# White face gauge install...



## ImportCarTuner (Jun 9, 2002)

I bought a pair of white face gauges for my '94 Sentra XE about a month and a half ago off Import Intelligence... the instructions that were supplied with the gauges said that you need to remove the needles off the OEM gauges to install the white face gauges... but what I wanna know is... is it possible to put the white face gauges on WITHOUT removing the needles. I'm really wiery about removing the needles... I've read stories of people messing up their speedos and needle breakage with such projects. I was thinking I could cut the white face gauges in half; vertically... so like this I can just slide the two halves together under the needles. But the instructions also mention that you've got to soak the guages underwater or something?!? (I don't have the instructions in front of me, I'm just recalling off the top of my head). If that's the case, I don't think cutting the gauges in half vertically would work. Feedback on this issue would be much appriciated. Thanks.


----------



## Smoat (Jun 3, 2002)

believe it or not I just finished doing this and if you follw their instructions word for word you will not have a problem.
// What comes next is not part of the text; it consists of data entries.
text \<open>Code a point (x, i) of the split interval by the step function that drops from 1 to 0
  at x and takes at x a value determined by i. Precomposed with the binary expansion map of the
  Baire space onto [0, 1], a step function is a pointwise limit of continuous ramps, so every
  code is of the first Baire class. For fixed t the value of the code at t is locally constant on
  the split interval, so the coding is continuous into the pointwise topology; it is injective,
  and the split interval is compact by a real induction along [0, 1]. A continuous injection of
  a compact space into a Hausdorff space is an embedding.\<close>

section \<open>Binary expansions\<close>

definition binary_value :: "(nat \<Rightarrow> nat) \<Rightarrow> real" where
  "binary_value w = (\<Sum>k. (if w k = 0 then 0 else 1) / 2 ^ Suc k)"

lemma continuous_on_binary_value: "continuous_on UNIV binary_value"
proof -
  let ?digit = "\<lambda>k (w::nat \<Rightarrow> nat). (if w k = 0 then 0 else 1) / (2::real) ^ Suc k"
  have "summable (\<lambda>k. 1 / (2::real) ^ Suc k)"
    using summable_mult[OF summable_geometric[of "1/2::real"], of "1/2"] by (simp add: power_one_over)
  then have limit: "uniform_limit UNIV (\<lambda>N w. \<Sum>k<N. ?digit k w) (\<lambda>w. \<Sum>k. ?digit k w) sequentially"
    by (intro Weierstrass_m_test[where M = "\<lambda>k. 1 / 2 ^ Suc k"]) auto
  have digit: "continuous_on UNIV (?digit k)" for k
  proof -
    have "continuous_on UNIV (\<lambda>m::nat. (if m = 0 then 0 else 1) / (2::real) ^ Suc k)"
      by (simp add: continuous_on_discrete)
    from continuous_on_compose2[OF this continuous_on_product_coordinates[of k]]
    show ?thesis by simp
  qed
  have "continuous_on UNIV (\<lambda>w. \<Sum>k. ?digit k w)"
    by (rule uniform_limit_theorem[OF _ limit]) (intro always_eventually allI continuous_on_sum digit, simp_all)
  then show ?thesis
    unfolding binary_value_def[abs_def] .
qed

text \<open>Greedy dyadic approximations of x from below; their increments are the binary digits
  of x.\<close>

fun dyadic_floor :: "real \<Rightarrow> nat \<Rightarrow> real" where
  "dyadic_floor x 0 = 0"
| "dyadic_floor x (Suc k) =
     (if dyadic_floor x k + 1 / 2 ^ Suc k \<le> x then dyadic_floor x k + 1 / 2 ^ Suc k
      else dyadic_floor x k)"

lemma dyadic_floor_bounds:
  assumes "x \<in> {0..1}"
  shows "dyadic_floor x k \<le> x \<and> x \<le> dyadic_floor x k + 1 / 2 ^ k"
proof (induction k)
  case (Suc k)
  have "1 / (2::real) ^ k = 2 * (1 / 2 ^ Suc k)" by simp
  with Suc show ?case
    by (simp only: dyadic_floor.simps split: if_split) (intro conjI impI TrueI; linarith)
qed (use assms in auto)

lemma dyadic_floor_tendsto:
  assumes "x \<in> {0..1}"
  shows "dyadic_floor x \<longlonglongrightarrow> x"
proof (rule tendsto_sandwich)
  show "\<forall>\<^sub>F k in sequentially. x - (1/2) ^ k \<le> dyadic_floor x k"
    "\<forall>\<^sub>F k in sequentially. dyadic_floor x k \<le> x"
    using dyadic_floor_bounds[OF assms] by (auto simp: algebra_simps power_one_over)
  show "(\<lambda>k. x - (1/2) ^ k) \<longlonglongrightarrow> x"
    using tendsto_diff[OF tendsto_const LIMSEQ_realpow_zero[of "1/2::real"]] by simp
qed simp

lemma binary_value_surj:
  assumes "x \<in> {0..1}"
  shows "\<exists>w. binary_value w = x"
proof -
  define w where "w k = (if dyadic_floor x (Suc k) = dyadic_floor x k then 0 else 1::nat)" for k
  have "(\<Sum>k<N. (if w k = 0 then 0 else 1) / (2::real) ^ Suc k) = dyadic_floor x N" for N
    by (induction N) (auto simp: w_def)
  then have "(\<lambda>k. (if w k = 0 then 0 else 1) / (2::real) ^ Suc k) sums x"
    using dyadic_floor_tendsto[OF assms] unfolding sums_def by simp
  then have "binary_value w = x"
    unfolding binary_value_def by (simp add: sums_iff)
  then show ?thesis by blast
qed

section \<open>Step functions of the first Baire class\<close>

lemma baire_class1_comp_continuous:
  assumes "\<And>k. continuous_on UNIV (h k)" "\<And>t. (\<lambda>k. h k t) \<longlonglongrightarrow> f t"
    and "continuous_on UNIV g"
  shows "(\<lambda>w. f (g w)) \<in> baire_class1"
  unfolding baire_class1_def
proof (intro CollectI exI[of _ "\<lambda>k w. h k (g w)"] conjI allI)
  show "continuous_on UNIV (\<lambda>w. h k (g w))" for k
    using continuous_on_compose2[OF assms(1) assms(3)] by simp
qed (rule assms(2))

definition step_at :: "real \<Rightarrow> real \<Rightarrow> real \<Rightarrow> real" where
  "step_at x c t = (if t < x then 1 else if t = x then c else 0)"

lemma eventually_one_le_real_mult:
  assumes "0 < (d::real)"
  shows "\<forall>\<^sub>F k in sequentially. 1 \<le> real k * d"
  using filterlim_tendsto_pos_mult_at_top[OF tendsto_const assms filterlim_real_sequentially]
  by (simp add: filterlim_at_top mult.commute)

lemma ramp_tendsto_less_indicator:
  "(\<lambda>k. max 0 (min 1 (real k * (x - t)))) \<longlonglongrightarrow> (if t < x then 1 else (0::real))"
proof (cases "t < x")
  case True
  have "\<forall>\<^sub>F k in sequentially. max 0 (min 1 (real k * (x - t))) = 1"
    using eventually_one_le_real_mult[of "x - t"] True by (auto elim!: eventually_mono)
  then show ?thesis using True by (simp add: tendsto_eventually)
next
  case False
  then have "max 0 (min 1 (real k * (x - t))) = 0" for k
    using mult_nonneg_nonpos[of "real k" "x - t"] by auto
  then show ?thesis using False by simp
qed

lemma ramp_tendsto_le_indicator:
  "(\<lambda>k. max 0 (min 1 (1 - real k * (t - x)))) \<longlonglongrightarrow> (if t \<le> x then 1 else (0::real))"
proof (cases "t \<le> x")
  case True
  then have "max 0 (min 1 (1 - real k * (t - x))) = 1" for k
    using mult_nonneg_nonpos[of "real k" "t - x"] by auto
  then show ?thesis using True by simp
next
  case False
  have "\<forall>\<^sub>F k in sequentially. max 0 (min 1 (1 - real k * (t - x))) = 0"
    using eventually_one_le_real_mult[of "t - x"] False by (auto elim!: eventually_mono)
  then show ?thesis using False by (simp add: tendsto_eventually)
qed
(* Let $X\in\mathbb{R}^{n\times p}$, $y\in\mathbb{R}^n$, $\lambda>0$, $\alpha>0$, $G=X^\top X+\alpha I_p$, $\tilde y=X^\top y$, and $F(\beta,d)=\big(\beta-T_\lambda(\beta+d),\ G\beta+nd-\tilde y\big)$. Consider the semismooth Newton iteration $z^{k+1}=z^k-H_k^{-1}F(z^k)$, $z^k=(\beta^k,d^k)$, where $$H_k=\begin{pmatrix} I_p-D_k & -D_k\\ G & nI_p\end{pmatrix},\qquad D_k=\operatorname{diag}\big(\mathbf 1_{\{|\beta^k_i+d^k_i|>\lambda\}}\big)_{i=1}^p .$$ Let $\hat z=(\hat\beta_{\lambda,\alpha},\hat d_{\lambda,\alpha})$ be the unique root of $F$. Then there is a neighborhood $U$ of $\hat z$ such that for every $z^0\in U$ the iterates are well defined, $z^k\to\hat z$, and $\|z^{k+1}-\hat z\|_2=o(\|z^k-\hat z\|_2)$ (local superlinear convergence). In particular $\beta^k$ converges locally superlinearly to $\hat\beta_{\lambda,\alpha}$, the unique minimizer of $J_{\lambda,\alpha}(\beta)=\frac{1}{2n}\|X\beta-y\|_2^2+\lambda\|\beta\|_1+\frac{\alpha}{2n}\|\beta\|_2^2$.
   Context: $T_\lambda$ is the componentwise soft-threshold operator $T_\lambda(x)_i=\operatorname{sgn}(x_i)\max(|x_i|-\lambda,0)$. Equivalently, with $A_k=\{i:|\beta^k_i+d^k_i|>\lambda\}$, $B_k$ its complement, one step reads: $\beta^{k+1}_{B_k}=0$, $d^{k+1}_{A_k}=\lambda\operatorname{sgn}(\beta^k_{A_k}+d^k_{A_k})$, $\beta^{k+1}_{A_k}=G_{A_kA_k}^{-1}(\tilde y_{A_k}-nd^{k+1}_{A_k})$, $d^{k+1}_{B_k}=(\tilde y_{B_k}-G_{B_kA_k}\beta^{k+1}_{A_k})/n$. *)

theory Defs
  imports "HOL-Analysis.Analysis" "HOL-Library.Landau_Symbols"
begin
(* Let $\mathcal G=(V_{\mathrm{Max}},V_{\mathrm{Min}},T,E,w)$ be any shortest-path game. Then for every vertex $v\in V$, the deterministic value equals the memoryless upper value: $\mathrm{Val}^{\mathrm{d}}(v)=\overline{\mathrm{Val}}^{\mathrm{m}}(v)$ (as elements of $\mathbb Z\cup\{-\infty,+\infty\}$).
   Context: A shortest-path game (SPG) is a tuple $\mathcal G=(V_{\mathrm{Max}},V_{\mathrm{Min}},T,E,w)$ where $V=V_{\mathrm{Max}}\uplus V_{\mathrm{Min}}\uplus T$ is a finite set of vertices (owned by player Max, player Min, and target vertices respectively), $E\subseteq (V\setminus T)\times V$ is a set of directed edges such that every $v\in V\setminus T$ has at least one successor, and $w\colon E\to\mathbb Z$ is a weight function. A play from $v_0$ is either a finite path $v_0v_1\cdots v_k$ with $v_k\in T$ and $v_i\notin T$ for $i<k$, or an infinite path never visiting $T$. Its total payoff is $\mathrm{TP}(\pi)=\sum_{i=0}^{k-1}w(v_i,v_{i+1})$ in the first case and $+\infty$ in the second. A strategy of Min maps every finite path ending in a vertex $v\in V_{\mathrm{Min}}$ to a probability distribution on $V$ supported in the successors of $v$; strategies of Max are defined symmetrically for $V_{\mathrm{Max}}$. A strategy is deterministic if it always returns a Dirac distribution, and memoryless if its output depends only on the last vertex. For deterministic strategies $\sigma$ of Min and $\tau$ of Max there is a unique play $\mathrm{out}(v,\sigma,\tau)$ from $v$ conforming to both; define $\mathrm{Val}^{\sigma}(v)=\sup_{\tau}\mathrm{TP}(\mathrm{out}(v,\sigma,\tau))$ and $\mathrm{Val}^{\mathrm d}(v)=\inf_{\sigma}\mathrm{Val}^{\sigma}(v)$ (sup/inf over deterministic strategies; this equals $\sup_\tau\inf_\sigma$). For a memoryless strategy $\rho$ of Min and a memoryless strategy $\tau$ of Max one obtains a Markov chain on $V$ (from $v\in V_{\mathrm{Min}}$ move according to $\rho(v)$, from $v\in V_{\mathrm{Max}}$ according to $\tau(v)$, targets absorbing); write $\mathbb P^{\rho,\tau}_v$ for the induced probability measure on plays from $v$ and $\mathbb E^{\rho,\tau}_v(\mathrm{TP})$ for the expected total payoff (which is $+\infty$ if the target is missed with positive probability). Define $\mathrm{Val}^{\mathrm m,\rho}(v)=\sup_{\tau}\mathbb E^{\rho,\tau}_v(\mathrm{TP})$ over memoryless strategies $\tau$ of Max, and the memoryless upper value $\overline{\mathrm{Val}}^{\mathrm m}(v)=\inf_{\rho}\mathrm{Val}^{\mathrm m,\rho}(v)$ over memoryless strategies $\rho$ of Min. *)

theory Defs
  imports "HOL-Probability.Probability"
begin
Wash the faces of your guages under running water and let dry. then take a spray bottle and fill w/ water and couple drops of dish soap and spray both the black face and the white face. This allows you to slide the white face around or reapply if needed Mine work fine. Let me know if you have specific questions.


----------



## ImportCarTuner (Jun 9, 2002)

Thanks for the info Smoat... how long did the whole process take you? Oh... and a question off topic... did you happen to count how many bulbs were located behind the gauge cluster? I've read that there are six bulbs behind the gauge cluster... I've got six blue LED bulbs on hand which I plan to replace while I'm doing the gauge faces.


----------



## samo (Apr 30, 2002)

If you have a tach I think it's six bulbs, but the tachless cluster has only four.


----------



## Smoat (Jun 3, 2002)

Yeah I don't honestly recall the # of bulbs. But it only takes about five minutes to get the cluster ready to come out of the car. THe hard prt is the speedo cable and that is just a matter of contortioning your body upsidedown under the dash. The part were you remove the needles is a little tedious. The longest part is waiting for the new gauge faces to dry before you peel of the clear front. Reassembly took a total of 10min. I also painted my needles red. Looks nice.


----------



## Zexel (May 15, 2002)

Anyone got any pics? I wouldn't mind doing this if I like what I see! I've seen them before. 

Smoat - You have any pics? I'd like to see your red needles.


----------



## Smoat (Jun 3, 2002)

I will try to get some pics in the next day or two. I am also going to put some pics of my new Hella driving lamps they kick ass.


----------